KR0150177B1 - Method of manufacturing polyester fiber with anti-microbial property - Google Patents

Abstract

In the present invention, in the preparation of a polyester by reacting an acid component with a diol component, 0.2 to 2.0 mol% of a compound represented by the following general formula (I) or (II) is produced as a melt viscosity improving agent during the ester reaction. In addition, during the polycondensation reaction, the compound represented by the following general formula (III) or (IV) is added to 0.1 to 1.5 mol% of the resulting polyester to prepare a polymer, and at any stage before spinning, the antibacterial and deodorizing compound The present invention relates to a method for producing a polyester for textiles having excellent antibacterial and deodorizing properties, characterized by compounding phosphonium phosphate.

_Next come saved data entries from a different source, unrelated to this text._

(* Let $k\ge4$, $n\ge 2k$, and let $\mathcal F,\mathcal G\subset\binom{[n]}{k}$ be cross-intersecting. Suppose that for some $\{x,y\}\in\binom{[n]}{2}$, $$|\mathcal F(x,y)|\ge\binom{n-3}{k-3}+\binom{n-4}{k-3}+\binom{n-6}{k-4}.$$ Then $|\mathcal G(\bar x,\bar y)|\le\binom{n-5}{k-3}+\binom{n-6}{k-3}$.
   Context: Cross-intersecting: $F\cap G\ne\emptyset$ for all $F\in\mathcal F,G\in\mathcal G$. $\mathcal F(x,y)=\{F\setminus\{x,y\}:F\in\mathcal F,\ \{x,y\}\subset F\}$ and $\mathcal G(\bar x,\bar y)=\{G\in\mathcal G: G\cap\{x,y\}=\emptyset\}$. *)

theory Defs
  imports Main
begin

definition cross_intersecting :: "'a set set \<Rightarrow> 'a set set \<Rightarrow> bool" where
  "cross_intersecting F G \<longleftrightarrow> (\<forall>A\<in>F. \<forall>B\<in>G. A \<inter> B \<noteq> {})"

definition link2 :: "'a set set \<Rightarrow> 'a \<Rightarrow> 'a \<Rightarrow> 'a set set" where
  "link2 F x y = {A - {x, y} | A. A \<in> F \<and> {x, y} \<subseteq> A}"

definition avoid2 :: "'a set set \<Rightarrow> 'a \<Rightarrow> 'a \<Rightarrow> 'a set set" where
  "avoid2 G x y = {B \<in> G. B \<inter> {x, y} = {}}"

end

theory Submission
  imports Defs
begin

text \<open>With \<open>X = [n] - {x, y}\<close>, \<open>link2 F x y\<close> and \<open>avoid2 G x y\<close> are cross-intersecting
families of \<open>(k-2)\<close>- and \<open>k\<close>-subsets of \<open>X\<close>. For cross-intersecting families \<open>\<F>\<close> of
\<open>a\<close>-sets and \<open>\<G>\<close> of \<open>b\<close>-sets of an \<open>m\<close>-set with \<open>a + b \<le> m\<close>, \<open>b \<ge> 2\<close>, one shows by
induction on \<open>m\<close> that \<open>|\<G>| > \<beta>(m,b)\<close> implies \<open>|\<F>| + \<gamma>(m,a,b) \<le> \<alpha>(m,a)\<close>.
In the step both families are shifted until they are stable at a point \<open>t\<close>, which keeps
their sizes and cross-intersection; then the links and deletions at \<open>t\<close> are again
cross-intersecting in \<open>X - {t}\<close>, and the bounds add up by the Pascal recurrences of \<open>\<alpha>\<close>
and \<open>\<beta>\<close>. The base cases \<open>a \<le> 1\<close>, \<open>b = 2\<close> and \<open>a + b = m\<close> are direct counts. In the
situation of the theorem \<open>\<gamma> > 0\<close>, so the assumed size of the link forces \<open>|\<G>| \<le> \<beta>\<close>.\<close>

definition k_subsets :: "'a set \<Rightarrow> nat \<Rightarrow> 'a set set" where
  "k_subsets X k = {A. A \<subseteq> X \<and> card A = k}"

lemma finite_k_subsets: "finite X \<Longrightarrow> finite (k_subsets X k)"
  unfolding k_subsets_def by simp

lemma card_k_subsets: "finite X \<Longrightarrow> card (k_subsets X k) = card X choose k"
  unfolding k_subsets_def by (rule n_subsets)

lemma cross_intersecting_commute: "cross_intersecting F G \<longleftrightarrow> cross_intersecting G F"
  unfolding cross_intersecting_def by blast
(* Let $A=\mathbb C[t]/(t^2)$ and $\lambda\in P^+$, and let $(\lambda_1^{\max},\lambda_2^{\max})$ be as defined below. Then $W_A(0,\lambda)\cong F_{\lambda_1^{\max},\lambda_2^{\max}}$ as $\mathfrak{sl}_n\otimes A$-modules (and hence as $\mathfrak{sl}_n\otimes\mathbb C[t]$-modules).
   Context: $\mathfrak{sl}_n=\mathfrak n^+\oplus\mathfrak h\oplus\mathfrak n^-$, $I=\{1,\dots,n-1\}$, $R^+$ positive roots, $\omega_1,\dots,\omega_{n-1}$ fundamental weights, $P^+$ dominant integral weights; for $\alpha\in R^+$ fix an $\mathfrak{sl}_2$-triple $e_\alpha,f_\alpha,h_\alpha$ with $f_\alpha\in\mathfrak g_{-\alpha}$. For a commutative algebra $A$, $\mathfrak{sl}_n\otimes A$ has bracket $[x\otimes p,y\otimes q]=[x,y]\otimes pq$. For $A=\mathbb C[t]/(t^2)$, the graded local Weyl module $W_A(0,\lambda)$ is the $\mathfrak{sl}_n\otimes A$-module generated by $w$ subject to $(\mathfrak n^+\otimes A).w=0$, $(\mathfrak h\otimes t).w=0$, $(h\otimes1).w=\lambda(h)w$ for $h\in\mathfrak h$, and $(f_\alpha\otimes1)^{\lambda(h_\alpha)+1}.w=0$ for $\alpha\in R^+$. For $\lambda_1,\lambda_2\in P^+$, $\nu=\lambda_1+\lambda_2$, $F_{\lambda_1,\lambda_2}$ is the $\mathfrak{sl}_n\otimes\mathbb C[t]$-module generated by $\mathbb 1$ subject to $(\mathfrak n^+\otimes\mathbb C[t]).\mathbb 1=0$, $(\mathfrak h\otimes t\mathbb C[t]).\mathbb 1=0$, $(\mathfrak n^-\otimes t^2\mathbb C[t]).\mathbb 1=0$, $(h\otimes1).\mathbb 1=\nu(h)\mathbb 1$, and for $\alpha\in R^+$: $(f_\alpha\otimes1)^{\nu(h_\alpha)+1}.\mathbb 1=0$, $(f_\alpha\otimes t)^{\min\{\lambda_1(h_\alpha),\lambda_2(h_\alpha)\}+1}.\mathbb 1=0$; it is annihilated by $\mathfrak{sl}_n\otimes t^2\mathbb C[t]$, hence an $\mathfrak{sl}_n\otimes A$-module. Write $\lambda=\sum_{i\in I}m_i\omega_i$ and let $i_1<\dots<i_k$ be the indices $i$ with $m_i$ odd, $I_{odd}=\{i_1,\dots,i_k\}$. Define $\lambda_1^{\max}=\sum_{s=1}^k\frac{m_{i_s}+(-1)^s}{2}\,\omega_{i_s}+\sum_{i\in I\setminus I_{odd}}\frac{m_i}{2}\,\omega_i$ and $\lambda_2^{\max}=\lambda-\lambda_1^{\max}$. *)

theory Defs
  imports Complex_Main "HOL-Computational_Algebra.Polynomial"
begin

text \<open>Elements of sl_n (x) C[t] are trace-zero n x n matrices over C[t] (indices 0..n-1),
  with Lie bracket the matrix commutator; this realises [x(x)p, y(x)q] = [x,y](x)pq.\<close>

type_synonym mat = "nat \<Rightarrow> nat \<Rightarrow> complex poly"

definition in_sl :: "nat \<Rightarrow> mat \<Rightarrow> bool" where
  "in_sl n X \<longleftrightarrow> (\<forall>i j. (n \<le> i \<or> n \<le> j) \<longrightarrow> X i j = 0) \<and> (\<Sum>i<n. X i i) = 0"

definition br :: "nat \<Rightarrow> mat \<Rightarrow> mat \<Rightarrow> mat" where
  "br n X Y = (\<lambda>i j. \<Sum>k<n. X i k * Y k j - Y i k * X k j)"

definition madd :: "mat \<Rightarrow> mat \<Rightarrow> mat" where
  "madd X Y = (\<lambda>i j. X i j + Y i j)"

definition mscale :: "complex \<Rightarrow> mat \<Rightarrow> mat" where
  "mscale c X = (\<lambda>i j. smult c (X i j))"

definition elem :: "nat \<Rightarrow> nat \<Rightarrow> complex poly \<Rightarrow> mat" where
  "elem a b p = (\<lambda>i j. if i = a \<and> j = b then p else 0)"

Wherein R ₁ is the same as or different from each other, selected from C ₄ H ₉ , C ₆ H ₅ , H, R ₂ is C _n H _2n (2n10), and X is hydrogen, methyl, n-butyl or a phenyl group and, R ₃ is hydrogen, chlorine, methyl or phenyl, R ₄ is hydrogen, methyl or phenyl, R ₅ is a t- butyl group.

Description

Manufacturing method of polyester for fiber excellent in antibacterial deodorization

The present invention relates to a method for producing a polyester for antibacterial and deodorizing fibers having a higher spinning viscosity than a conventional polymer and excellent in spinning workability. As a further improving agent, a compound represented by the following general formula (I) or (II) is added, and a compound represented by the general formula (III) or (IV) is added during the polymerization reaction to prepare a polymer,絲 Previous) The present invention relates to a method for producing a polyester for an antibacterial and deodorizing fiber having a good melt viscosity by compounding an antibacterial and deodorizing conic phosphate in which an ion-exchangeable ion is replaced with an antimicrobial metal ion at any stage.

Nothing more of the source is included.